▶ Material for this task:
lemma card_max_pairs_le_quarter_square:
  assumes "finite X" "binary_tree X t"
  shows "4 * real (card (max_pairs X t)) \<le> real (card X) ^ 2"
proof (cases "X = {}")
  case True
  then show ?thesis by (simp add: max_pairs_def pairs_def)
next
  case False
  then obtain u where u: "u \<in> X" by blast
  define a b where "a = real (card (coarse_rel X t `` {u}))"
    and "b = real (card (X - coarse_rel X t `` {u}))"
  have "4 * real (card (max_pairs X t)) \<le> 4 * (a * b)"
    using card_max_pairs_le_card_block_mult_card_complement[OF assms u]
    unfolding a_def b_def by (simp flip: of_nat_mult)
  also have "\<dots> \<le> (a + b) ^ 2"
    using zero_le_power2[of "a - b"] by (simp add: power2_eq_square algebra_simps)
  also have "a + b = real (card X)"
    using card_add_card_Diff[OF assms(1) coarse_rel_Image_subset]
    unfolding a_def b_def by (metis of_nat_add)
  finally show ?thesis .
qed

lemma nu_le_half_gap:
  assumes "finite X" "p \<in> pairs X" "t p < maxdist X t"
  shows "nu X t \<le> ereal ((maxdist X t - t p) / 2)"
proof -
  let ?S = "{p \<in> pairs X. t p < maxdist X t}"
  have "?S \<noteq> {}" using assms(2,3) by blast
  moreover have "Min ((\<lambda>p. maxdist X t - t p) ` ?S) \<le> maxdist X t - t p"
    using assms by (intro Min_le) (auto simp: finite_pairs)
  ultimately show ?thesis
    unfolding nu_def by simp
qed

lemma half_gap_le_eta:
  assumes "finite X" "p \<in> pairs X"
  shows "(maxdist X t - t p) / 2 \<le> eta X t"
proof -
  have "Min (t ` pairs X) \<le> t p"
    using assms by (intro Min_le) (auto simp: finite_pairs)
  then show ?thesis unfolding eta_def by simp
qed

lemma binary_tree_every_leaf_near_max_pair:
  assumes "finite X" "binary_tree X t" "a \<in> X" "b \<in> X" "a \<noteq> b" "t {a,b} = maxdist X t" "x \<in> X"
  shows "(x,a) \<in> coarse_rel X t \<or> (x,b) \<in> coarse_rel X t"
proof (cases "x = a \<or> x = b")
  case True
  then show ?thesis using assms(3,4) by (auto simp: coarse_rel_def)
next
  case False
  then have "\<not> (t {a,b} = t {a,x} \<and> t {a,x} = t {b,x})"
    using binary_tree_not_all_equal[OF assms(2-4,7,5)] by blast
  moreover have "t {a,x} \<le> maxdist X t" "t {b,x} \<le> maxdist X t"
    using False assms by (auto intro: maxdist_ge pairsI)
  ultimately have "t {a,x} < maxdist X t \<or> t {b,x} < maxdist X t"
    using assms(6) by linarith
  moreover have "{x,a} = {a,x}" "{x,b} = {b,x}" by blast+
  ultimately show ?thesis
    using assms(3,4,7) unfolding coarse_rel_def by auto
qed

lemma coarse_rel_eq_if_refines:
  assumes fin: "finite X" and "equidistant X t" "binary_tree X t'"
    and refines: "coarse_rel X t' \<subseteq> coarse_rel X t"
  shows "coarse_rel X t = coarse_rel X t'"
proof
  have "equiv X (coarse_rel X t)" using assms(2) by (rule equiv_coarse_rel)
  then have sym: "sym (coarse_rel X t)" and trans: "trans (coarse_rel X t)"
    by (simp_all add: equiv_def)
  show "coarse_rel X t \<subseteq> coarse_rel X t'"
  proof (rule subrelI, rule ccontr)
    fix a b
    assume ab: "(a,b) \<in> coarse_rel X t" "(a,b) \<notin> coarse_rel X t'"
    then have ab': "a \<in> X" "b \<in> X" "a \<noteq> b" "\<not> t' {a,b} < maxdist X t'"
      by (auto simp: coarse_rel_def)
    then have "t' {a,b} = maxdist X t'"
      using maxdist_ge[OF fin pairsI[OF ab'(1-3)], of t'] by linarith
    then have near: "(x,a) \<in> coarse_rel X t \<or> (x,b) \<in> coarse_rel X t" if "x \<in> X" for x
      using binary_tree_every_leaf_near_max_pair[OF fin assms(3) ab'(1-3)] that refines by blast
    have block_ab: "(c,d) \<in> coarse_rel X t" if "c \<in> {a,b}" "d \<in> {a,b}" for c d
    proof -
      have "(a,a) \<in> coarse_rel X t" "(b,b) \<in> coarse_rel X t"
        using ab'(1,2) by (simp_all add: coarse_rel_def)
      moreover have "(b,a) \<in> coarse_rel X t"
        using symD[OF sym ab(1)] .
      ultimately show ?thesis using that ab(1) by auto
    qed
    \<comment> \<open>Every leaf shares a \<open>t\<close>-block with \<open>a\<close> or \<open>b\<close>, and these two share one, so all of \<open>X\<close> is one block.\<close>
    obtain u v where uv: "u \<in> X" "v \<in> X" "u \<noteq> v" "t {u,v} = maxdist X t"
      using maxdist_attained[OF fin] pairsI[OF ab'(1-3)] by blast
    obtain c where c: "c \<in> {a,b}" "(u,c) \<in> coarse_rel X t"
      using near[OF uv(1)] by blast
    obtain d where d: "d \<in> {a,b}" "(v,d) \<in> coarse_rel X t"
      using near[OF uv(2)] by blast
    have "(u,d) \<in> coarse_rel X t"
      using transD[OF trans c(2) block_ab[OF c(1) d(1)]] .
    then have "(u,v) \<in> coarse_rel X t"
      using transD[OF trans _ symD[OF sym d(2)]] by blast
    with uv show False by (simp add: coarse_rel_def)
  qed
qed (rule refines)

lemma coarse_type_neq_obtains_separated_pair:
  assumes "finite X" "equidistant X t" "binary_tree X t'" "coarse_type X t \<noteq> coarse_type X t'"
  obtains q where "q \<in> pairs X" "t q = maxdist X t" "t' q < maxdist X t'"
proof -
  have "\<not> coarse_rel X t' \<subseteq> coarse_rel X t"
    using coarse_rel_eq_if_refines[OF assms(1-3)] assms(4) by (metis coarse_type_eq)
  then obtain a b where "(a,b) \<in> coarse_rel X t'" "(a,b) \<notin> coarse_rel X t"
    by auto
  then have ab: "a \<in> X" "b \<in> X" "a \<noteq> b" "t' {a,b} < maxdist X t'" "\<not> t {a,b} < maxdist X t"
    by (auto simp: coarse_rel_def)
  show thesis
  proof (rule that)
    show "{a,b} \<in> pairs X" using ab(1-3) by (rule pairsI)
    show "t {a,b} = maxdist X t"
      using maxdist_ge[OF assms(1) pairsI[OF ab(1-3)], of t] ab(5) by linarith
  qed (fact ab(4))
qed

lemma d_Delta_eq_sum:
  "d_Delta X x y = (\<Sum>p\<in>pairs X. Max ((\<lambda>p. x p - y p) ` pairs X) - (x p - y p))"
  unfolding d_Delta_def by (simp add: sum_subtractf)

lemma summand_lower_bound:
  fixes s s' M M' \<mu> \<omega> \<Omega> :: real
  assumes "s \<le> M" "s' \<le> M'" "s - s' \<le> \<mu>" "M - M' + 2 * \<omega> \<le> \<mu>"
    and "s < M \<Longrightarrow> 2 * \<omega> \<le> M - s" "(M' - s') / 2 \<le> \<Omega>" "\<omega> \<le> \<Omega>"
  shows "(4 * \<omega> - 2 * \<Omega>) - 2 * \<omega> * of_bool (s = M) + 2 * \<omega> * of_bool (s' = M') \<le> \<mu> - (s - s')"
  using assms by (cases "s = M"; cases "s' = M'") auto

lemma d_Delta_ge_max_pair_counts:
  fixes \<omega> \<Omega> :: real
  assumes fin: "finite X" and "\<omega> \<le> \<Omega>"
    and q: "q \<in> pairs X" "t q = maxdist X t" "t' q < maxdist X t'"
    and nu: "ereal \<omega> \<le> nu X t" "ereal \<omega> \<le> nu X t'" and eta_t': "eta X t' \<le> \<Omega>"
  shows "real (card (pairs X)) * (4 * \<omega> - 2 * \<Omega>)
           - 2 * \<omega> * real (card (max_pairs X t)) + 2 * \<omega> * real (card (max_pairs X t'))
         \<le> d_Delta X t t'"
proof -
  define \<mu> where "\<mu> = Max ((\<lambda>p. t p - t' p) ` pairs X)"
  have \<mu>_ge: "t p - t' p \<le> \<mu>" if "p \<in> pairs X" for p
    unfolding \<mu>_def using fin that by (intro Max_ge) (auto simp: finite_pairs)
  have gap: "2 * \<omega> \<le> maxdist X s - s p"
    if "ereal \<omega> \<le> nu X s" "p \<in> pairs X" "s p < maxdist X s" for s p
    using order_trans[OF that(1) nu_le_half_gap[OF fin that(2,3)]] by simp
  have "maxdist X t - maxdist X t' + 2 * \<omega> \<le> \<mu>"
    using \<mu>_ge[OF q(1)] q(2) gap[OF nu(2) q(1,3)] by linarith
  then have summand:
    "(4 * \<omega> - 2 * \<Omega>) - 2 * \<omega> * of_bool (p \<in> max_pairs X t) + 2 * \<omega> * of_bool (p \<in> max_pairs X t')
       \<le> \<mu> - (t p - t' p)" if p: "p \<in> pairs X" for p
    using summand_lower_bound[OF maxdist_ge[OF fin p] maxdist_ge[OF fin p] \<mu>_ge[OF p] _
        gap[OF nu(1) p] order_trans[OF half_gap_le_eta[OF fin p] eta_t'] \<open>\<omega> \<le> \<Omega>\<close>] p
    by (simp add: max_pairs_def)
  have "real (card (pairs X)) * (4 * \<omega> - 2 * \<Omega>)
          - 2 * \<omega> * real (card (max_pairs X t)) + 2 * \<omega> * real (card (max_pairs X t'))
        = (\<Sum>p\<in>pairs X. (4 * \<omega> - 2 * \<Omega>) - 2 * \<omega> * of_bool (p \<in> max_pairs X t)
                          + 2 * \<omega> * of_bool (p \<in> max_pairs X t'))"
    using fin max_pairs_subset_pairs[of X t] max_pairs_subset_pairs[of X t']
    by (simp add: sum.distrib sum_subtractf finite_pairs Int_absorb1 flip: sum_distrib_left)
  also have "\<dots> \<le> (\<Sum>p\<in>pairs X. \<mu> - (t p - t' p))"
    by (rule sum_mono) (rule summand)
  also have "\<dots> = d_Delta X t t'"
    unfolding d_Delta_eq_sum \<mu>_def ..
  finally show ?thesis .
qed

theorem mainTheorem6:
  fixes X :: "'a set" and t t' :: "'a set \<Rightarrow> real" and \<omega> \<Omega> :: real
  assumes "finite X"
    and "binary_tree X t" and "binary_tree X t'"
    and "coarse_type X t \<noteq> coarse_type X t'"
    and "0 < \<omega>" and "\<omega> < \<Omega>"
    and "max (eta X t) (eta X t') \<le> \<Omega>"
    and "ereal \<omega> \<le> min (nu X t) (nu X t')"
  shows "d_Delta X t t' \<ge>
    \<omega> * ((3 - 2 * (\<Omega> / \<omega>)) * real (card X choose 2) + 3 / 2 * real (card X) - 2)"
proof -
  let ?N = "real (card X)" and ?n = "real (card X choose 2)"
  let ?C = "real (card (max_pairs X t))" and ?C' = "real (card (max_pairs X t'))"
  have equi: "equidistant X t" "equidistant X t'"
    using assms(2,3) by (simp_all add: binary_tree_def)
  obtain q where q: "q \<in> pairs X" "t q = maxdist X t" "t' q < maxdist X t'"
    using coarse_type_neq_obtains_separated_pair[OF assms(1) equi(1) assms(3,4)] .
  have "?N \<le> ?C' + 1"
    using card_le_card_max_pairs_plus_one[OF assms(1) equi(2)] q(1) by fastforce
  moreover have "4 * ?C \<le> ?N ^ 2"
    using card_max_pairs_le_quarter_square[OF assms(1,2)] .
  ultimately have counts: "3 / 2 * ?N - 2 \<le> ?n - 2 * ?C + 2 * ?C'"
    unfolding real_choose_two power2_eq_square right_diff_distrib mult_1_right diff_divide_distrib
    by linarith
  have "\<omega> * ((3 - 2 * (\<Omega> / \<omega>)) * ?n + 3 / 2 * ?N - 2)
      = ?n * (4 * \<omega> - 2 * \<Omega>) + \<omega> * (3 / 2 * ?N - 2) - \<omega> * ?n"
    using assms(5) by (simp add: field_simps)
  also have "\<dots> \<le> ?n * (4 * \<omega> - 2 * \<Omega>) + \<omega> * (?n - 2 * ?C + 2 * ?C') - \<omega> * ?n"
    using mult_left_mono[OF counts] assms(5) by simp
  also have "\<dots> = ?n * (4 * \<omega> - 2 * \<Omega>) - 2 * \<omega> * ?C + 2 * \<omega> * ?C'"
    by (simp add: algebra_simps)
  also have "\<dots> \<le> d_Delta X t t'"
    using d_Delta_ge_max_pair_counts[OF assms(1) _ q] assms(6-8) card_pairs[OF assms(1)] by simp
  finally show ?thesis .
qed

end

▶ What you are asked to do:
Within the material above, the line with "X t)) \<le> 4" opens the range and the line with "assms(2,3) by blast" closes it; reproduce that range word for word.

▶ Answer to this exercise:
  have "4 * real (card (max_pairs X t)) \<le> 4 * (a * b)"
    using card_max_pairs_le_card_block_mult_card_complement[OF assms u]
    unfolding a_def b_def by (simp flip: of_nat_mult)
  also have "\<dots> \<le> (a + b) ^ 2"
    using zero_le_power2[of "a - b"] by (simp add: power2_eq_square algebra_simps)
  also have "a + b = real (card X)"
    using card_add_card_Diff[OF assms(1) coarse_rel_Image_subset]
    unfolding a_def b_def by (metis of_nat_add)
  finally show ?thesis .
qed

lemma nu_le_half_gap:
  assumes "finite X" "p \<in> pairs X" "t p < maxdist X t"
  shows "nu X t \<le> ereal ((maxdist X t - t p) / 2)"
proof -
  let ?S = "{p \<in> pairs X. t p < maxdist X t}"
  have "?S \<noteq> {}" using assms(2,3) by blast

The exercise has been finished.